[GIVEN INFORMATION — start]

lemma stationary_balanced: "stationary_dist K d lam mu p \<Longrightarrow> balanced p"
  unfolding stationary_dist_def balanced_def imbalance_def departure_rate_def
    arrival_inflow_def departure_inflow_def card_Types
  by auto

lemma balanced_product_form: "balanced product_form"
  unfolding balanced_def
proof
  fix x assume "x \<in> St"
  then have x: "set x \<subseteq> Ty" by (simp add: St_iff)
  have "departure_inflow product_form x
      = (\<Sum>T\<in>Ty. \<Sum>j\<le>length x. product_form (ins_at j T x) * svc_rate mu (ins_at j T x) j)"
    unfolding departure_inflow_def by (rule sum.swap)
  also have "\<dots> = product_form x * lam"
    using product_form_departure_balance[OF x] card_Ty ntypes_pos by simp
  finally have "departure_inflow product_form x = product_form x * lam" .
  moreover have "arrival_inflow product_form x = product_form x * departure_rate x"
    using product_form_arrival_balance[OF x] sum_svc_rate_St[OF x]
    by (cases "x = []") (simp_all add: arrival_inflow_def departure_rate_def)
  ultimately show "imbalance product_form x = 0"
    by (simp add: imbalance_def algebra_simps)
qed

lemma imbalance_linear:
  "imbalance (\<lambda>x. a * f x - b * g x) x = a * imbalance f x - b * imbalance g x"
  unfolding imbalance_def arrival_inflow_def departure_inflow_def
  by (simp add: algebra_simps sum_subtractf sum_distrib_left diff_divide_distrib)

[GIVEN INFORMATION — finish]

* [PROMPT] Return each line above where the word "using" shows up.

* [FINAL ANSWER]
    using product_form_departure_balance[OF x] card_Ty ntypes_pos by simp
    using product_form_arrival_balance[OF x] sum_svc_rate_St[OF x]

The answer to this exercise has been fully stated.